"Siamo delicati nel fare il bene: la gentilezza è fiore di carità cristiana."
Don Orione

Caro Don Orione, caro padre, abbi pazienza con noi, perdonaci e continua ad aiutarci, intercedi per noi, perché nelle decisioni che prendiamo nelle nostre Case e nelle parole e eni gesti delle nostre giornate di lavoro sia sperimentabile per gli altri e per noi stessi la misericordia del Signore Gesù.

Sono le parole di uno dei partecipanti al VII Convegno apostolico che, al termine dei lavori, sono stati invivati a scrivere un loro pensiero su una cartolina da indirizzare ad un destinatario a piacere.

Ciascuno si porta a casa un ricco bagaglio di stimoli e riflessioni: l'amore sconfinato e ardente di Dio per l'uomo, di cui noi siamo tramite per gli altri attravero i gesti di misericordia, come ha dello Monsignor Viola, Vescovo di Tortona, nella sua meditazione sul significato della misericodia; l'utilizzo di nuovi strumenti per l'annuncio del Vangelo, perchè è per tutti e quindi non esiste differenza nell'annuncio tra "normali" e disabili, proposto da suor Veroniva Amata Donatello, dell'ufficio catechistico nazionale della Conferenza Episcopale Italiana; lo sforzo di rendere concreti e misurabili gli indicatori della qualità di vita, come ha proposto Massimo Giordani dellla Qu.

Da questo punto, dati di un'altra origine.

text \<open>Since every letter occurs in every \<open>\<sigma>\<^sup>m(t)\<close>, the block of \<open>\<sigma>\<^sup>k\<^sup>+\<^sup>m(t)\<close> realizing the
  maximal frequency contains a block of minimal frequency, which pulls it down.\<close>
lemma freq_max_contract:
  "freq_max \<alpha> (k + m) \<le> freq_max \<alpha> k - contraction * (freq_max \<alpha> k - freq_min \<alpha> k)"
proof -
  obtain t where t: "t \<in> S" "freq \<alpha> (k + m) t = freq_max \<alpha> (k + m)" by (rule freq_max_attained)
  obtain g where g: "g \<in> S" "freq \<alpha> k g = freq_min \<alpha> k" by (rule freq_min_attained)
  let ?gs = "morph_pow \<sigma> m t"
  define excess where "excess t' = freq_max \<alpha> k * len k t' - occ \<alpha> k t'" for t'
  have gs: "set ?gs \<subseteq> S" using morph_pow_in_S[OF t(1)] by blast
  have occ_g: "occ \<alpha> k g = freq_min \<alpha> k * len k g"
    using g len_pos[OF g(1), of k] by (simp add: freq_def field_simps)
  have "excess g \<le> (\<Sum>t'\<leftarrow>?gs. excess t')"
    using primitive[OF t(1) g(1)] gs occ_le_freq_max
    by (intro member_le_sum_list_nonneg) (auto simp: excess_def)
  also have "\<dots> = freq_max \<alpha> k * len (k + m) t - occ \<alpha> (k + m) t"
    by (simp add: excess_def occ_add len_add sum_list_subtractf sum_list_const_mult)
  finally have "occ \<alpha> (k + m) t \<le> freq_max \<alpha> k * len (k + m) t - (freq_max \<alpha> k - freq_min \<alpha> k) * len k g"
    by (simp add: excess_def occ_g algebra_simps)
  also have "\<dots> \<le> freq_max \<alpha> k * len (k + m) t - (freq_max \<alpha> k - freq_min \<alpha> k) * (contraction * len (k + m) t)"
    using len_ratio_lower[OF g(1) t(1)] freq_min_le_max[of \<alpha> k] by (simp add: mult_left_mono)
  finally have "occ \<alpha> (k + m) t
      \<le> (freq_max \<alpha> k - contraction * (freq_max \<alpha> k - freq_min \<alpha> k)) * len (k + m) t"
    by (simp add: algebra_simps)
  with t len_pos[OF t(1), of "k + m"] show ?thesis
    by (metis freq_def pos_divide_le_eq)
qed

lemma contraction_le_1: "contraction \<le> 1"
proof -
  obtain t where t: "t \<in> S" using alphabet_nonempty by blast
  have "1 \<le> len m t"
    using len_pos[OF t, of m] by (simp add: len_def Suc_le_eq)
  then have "contraction \<le> contraction * len m t"
    using contraction_pos by simp
  moreover have "contraction * len m t \<le> 1"
    using len_ratio_lower[OF t t, of 0] by (simp add: len_def)
  ultimately show ?thesis by linarith
qed

lemma freq_spread_contract:
  "freq_max \<alpha> (k + m) - freq_min \<alpha> (k + m) \<le> (1 - contraction) * (freq_max \<alpha> k - freq_min \<alpha> k)"
  using freq_max_contract[of \<alpha> k] freq_min_mono[of \<alpha> k m] by (simp add: algebra_simps)
lemma norm_index_pow_mat_le:
  fixes X :: "complex mat"
  assumes X: "X \<in> carrier_mat k k"
  shows "i < k \<Longrightarrow> j < k \<Longrightarrow>
    norm ((X ^\<^sub>m t) $$ (i,j)) \<le> (\<Sum>a<k. \<Sum>b<k. norm (X $$ (a,b))) ^ t"
proof (induction t arbitrary: j)
  case 0 then show ?case using X by auto
next
  case (Suc t)
  define N where "N = (\<Sum>a<k. \<Sum>b<k. norm (X $$ (a,b)))"
  have N0: "N \<ge> 0" unfolding N_def by (intro sum_nonneg) auto
  have col: "(\<Sum>b<k. norm (X $$ (b,j))) \<le> N"
  proof -
    have "(\<Sum>b<k. norm (X $$ (b,j))) \<le> (\<Sum>b<k. \<Sum>a<k. norm (X $$ (b,a)))"
      by (intro sum_mono member_le_sum) (auto simp: Suc.prems)
    also have "\<dots> = N" unfolding N_def ..
    finally show ?thesis .
  qed
  have "(X ^\<^sub>m Suc t) $$ (i,j) = (\<Sum>b<k. (X ^\<^sub>m t) $$ (i,b) * X $$ (b,j))"
    unfolding pow_mat.simps(2) using X Suc.prems by (intro index_mult_mat_sum[where b=k]) auto
  then have "norm ((X ^\<^sub>m Suc t) $$ (i,j))
      \<le> (\<Sum>b<k. norm ((X ^\<^sub>m t) $$ (i,b)) * norm (X $$ (b,j)))"
    by (metis (no_types, lifting) norm_mult norm_sum sum.cong)
  also have "\<dots> \<le> (\<Sum>b<k. N ^ t * norm (X $$ (b,j)))"
    using Suc.IH Suc.prems unfolding N_def by (intro sum_mono mult_right_mono) auto
  also have "\<dots> = N^t * (\<Sum>b<k. norm (X $$ (b,j)))" by (simp add: sum_distrib_left)
  also have "\<dots> \<le> N^t * N" using col N0 by (intro mult_left_mono) auto
  finally show ?case unfolding N_def by (simp add: mult.commute)
qed

lemma summable_index_pow_mat:
  fixes X :: "complex mat"
  assumes X: "X \<in> carrier_mat k k" and i: "i < k" and j: "j < k"
  shows "summable (\<lambda>t. (X ^\<^sub>m t) $$ (i,j) / of_nat (fact t))"
proof -
  define N where "N = (\<Sum>a<k. \<Sum>b<k. norm (X $$ (a,b)))"
  have g: "summable (\<lambda>t. inverse (fact t) * N ^ t)" by (rule summable_exp)
  show ?thesis
  proof (rule summable_comparison_test'[OF g])
    fix t :: nat
    have "norm ((X ^\<^sub>m t) $$ (i,j) / of_nat (fact t)) = norm ((X ^\<^sub>m t) $$ (i,j)) / fact t"
      by (simp add: norm_divide)
    also have "\<dots> \<le> N ^ t / fact t"
      using norm_index_pow_mat_le[OF X i j, of t] unfolding N_def by (intro divide_right_mono) auto
    finally show "norm ((X ^\<^sub>m t) $$ (i,j) / of_nat (fact t)) \<le> inverse (fact t) * N ^ t"
      by (simp add: field_simps)
  qed
qed

lemma index_mexp_mult:
  fixes Z :: "complex mat"
  assumes Z: "Z \<in> carrier_mat k k" and R: "R \<in> carrier_mat k l" and i: "i < k" and j: "j < l"
  shows "(mexp Z * R) $$ (i,j) = (\<Sum>t. (Z ^\<^sub>m t * R) $$ (i,j) / of_nat (fact t))"
proof -
  have "(mexp Z * R) $$ (i,j) = (\<Sum>a<k. mexp Z $$ (i,a) * R $$ (a,j))"
    using mexp_carrier_mat[OF Z] R i j by (rule index_mult_mat_sum)
  also have "\<dots> = (\<Sum>a<k. \<Sum>t. (Z ^\<^sub>m t) $$ (i,a) / of_nat (fact t) * R $$ (a,j))"
  proof (intro sum.cong refl)
    fix a assume "a \<in> {..<k}" then have a: "a < k" by simp
    show "mexp Z $$ (i,a) * R $$ (a,j) = (\<Sum>t. (Z ^\<^sub>m t) $$ (i,a) / of_nat (fact t) * R $$ (a,j))"
      using suminf_mult2[OF summable_index_pow_mat[OF Z i a], of "R $$ (a,j)"] Z i a by (simp add: index_mexp)
  qed
  also have "\<dots> = (\<Sum>t. \<Sum>a<k. (Z ^\<^sub>m t) $$ (i,a) / of_nat (fact t) * R $$ (a,j))"
    using Z i by (intro suminf_sum[symmetric] summable_mult2 summable_index_pow_mat) auto
  also have "\<dots> = (\<Sum>t. (Z ^\<^sub>m t * R) $$ (i,j) / of_nat (fact t))"
    using Z R i j
    by (intro suminf_cong) (subst index_mult_mat_sum[of _ k k _ l], auto simp: sum_divide_distrib field_simps)
  finally show ?thesis .
qed

lemma index_mult_mexp:
  fixes Z :: "complex mat"
  assumes Z: "Z \<in> carrier_mat k k" and R: "R \<in> carrier_mat l k" and i: "i < l" and j: "j < k"
  shows "(R * mexp Z) $$ (i,j) = (\<Sum>t. (R * Z ^\<^sub>m t) $$ (i,j) / of_nat (fact t))"
proof -
  have "(R * mexp Z) $$ (i,j) = (\<Sum>a<k. R $$ (i,a) * mexp Z $$ (a,j))"
    using R mexp_carrier_mat[OF Z] i j by (rule index_mult_mat_sum)
  also have "\<dots> = (\<Sum>a<k. \<Sum>t. R $$ (i,a) * ((Z ^\<^sub>m t) $$ (a,j) / of_nat (fact t)))"
  proof (intro sum.cong refl)
    fix a assume "a \<in> {..<k}" then have a: "a < k" by simp
    show "R $$ (i,a) * mexp Z $$ (a,j) = (\<Sum>t. R $$ (i,a) * ((Z ^\<^sub>m t) $$ (a,j) / of_nat (fact t)))"
      using suminf_mult[OF summable_index_pow_mat[OF Z a j], of "R $$ (i,a)"] Z j a by (simp add: index_mexp)
  qed
  also have "\<dots> = (\<Sum>t. \<Sum>a<k. R $$ (i,a) * ((Z ^\<^sub>m t) $$ (a,j) / of_nat (fact t)))"
    using Z j by (intro suminf_sum[symmetric] summable_mult summable_index_pow_mat) auto
  also have "\<dots> = (\<Sum>t. (R * Z ^\<^sub>m t) $$ (i,j) / of_nat (fact t))"
    using Z R i j
    by (intro suminf_cong) (subst index_mult_mat_sum[of _ l k _ k], auto simp: sum_divide_distrib field_simps)
  finally show ?thesis .
qed

lemma pow_mat_intertwine:
  fixes X :: "'a::comm_ring_1 mat"
  assumes X: "X \<in> carrier_mat k k" and Y: "Y \<in> carrier_mat l l" and Q: "Q \<in> carrier_mat k l"
    and XQ: "X * Q = Q * Y"
  shows "X ^\<^sub>m t * Q = Q * Y ^\<^sub>m t"
proof (induction t)
  case 0 then show ?case using X Y Q by simp
next
  case (Suc t)
  have "X ^\<^sub>m Suc t * Q = X ^\<^sub>m t * (X * Q)" using X Q by (simp add: assoc_mult_mat[of _ k k _ k _ l])
  also have "\<dots> = (X ^\<^sub>m t * Q) * Y" using X Q Y XQ by (simp add: assoc_mult_mat[of _ k k _ l _ l])
  also have "\<dots> = Q * (Y ^\<^sub>m t * Y)" using Suc X Q Y by (simp add: assoc_mult_mat[of _ k l _ l _ l])
  finally show ?case by simp
qed

lemma mexp_intertwine:
  fixes X :: "complex mat"
  assumes X: "X \<in> carrier_mat k k" and Y: "Y \<in> carrier_mat l l" and Q: "Q \<in> carrier_mat k l"
    and XQ: "X * Q = Q * Y"
  shows "mexp X * Q = Q * mexp Y"
proof (rule eq_matI)
  fix i j assume "i < dim_row (Q * mexp Y)" "j < dim_col (Q * mexp Y)"
  then have i: "i < k" and j: "j < l" using Q Y mexp_carrier_mat[OF Y] by auto
  show "(mexp X * Q) $$ (i,j) = (Q * mexp Y) $$ (i,j)"
    using index_mexp_mult[OF X Q i j] index_mult_mexp[OF Y Q i j] pow_mat_intertwine[OF X Y Q XQ] by simp
qed (use X Q Y mexp_carrier_mat[OF X] mexp_carrier_mat[OF Y] in auto)

lemma transpose_pow_mat:
  fixes X :: "'a::comm_ring_1 mat"
  assumes X: "X \<in> carrier_mat k k"
  shows "transpose_mat X ^\<^sub>m t = transpose_mat (X ^\<^sub>m t)"
proof (induction t)
  case 0 then show ?case using X by simp
next
  case (Suc t)
  have XT: "transpose_mat X \<in> carrier_mat k k" using X by simp
  have c: "X * X ^\<^sub>m t = X ^\<^sub>m t * X" using pow_mat_intertwine[OF X X X refl] by simp
  have "transpose_mat X ^\<^sub>m Suc t = transpose_mat (X ^\<^sub>m t) * transpose_mat X" using Suc by simp
  also have "\<dots> = transpose_mat (X * X ^\<^sub>m t)" using X by (simp add: transpose_mult[of _ k k _ k])
  also have "\<dots> = transpose_mat (X ^\<^sub>m Suc t)" using c by simp
  finally show ?case .
qed

lemma transpose_mexp:
  assumes X: "X \<in> carrier_mat k k"
  shows "transpose_mat (mexp X) = mexp (transpose_mat X)"
  by (rule eq_matI) (use X in \<open>auto simp: mexp_def transpose_pow_mat[OF X]\<close>)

Be. Srl; l'esperienza di accoglienza e inclusione della Fondazione Orione 80 Onlus; il modello di welfare aziendale realizzato dalla Fondazione Opera Immacolata Concezione, illustrato da Fabio Toso.

Ciascuno porta a casa il ricordo dei volti e delle mani delle persone incontrate, le chiacchiere, il confronto, le risate.

Ciascuno torna a casa un po' più ricco e consapevole di avere una grande responsabilità: essere oggi, ogni giorno, il cuore e le mani di Don Orione, consumarsi nella cura dei più fragili con un amore che trovi la sua sorgente e la sua forza in Colui che ha donato interamente la sua vita per l'uomo.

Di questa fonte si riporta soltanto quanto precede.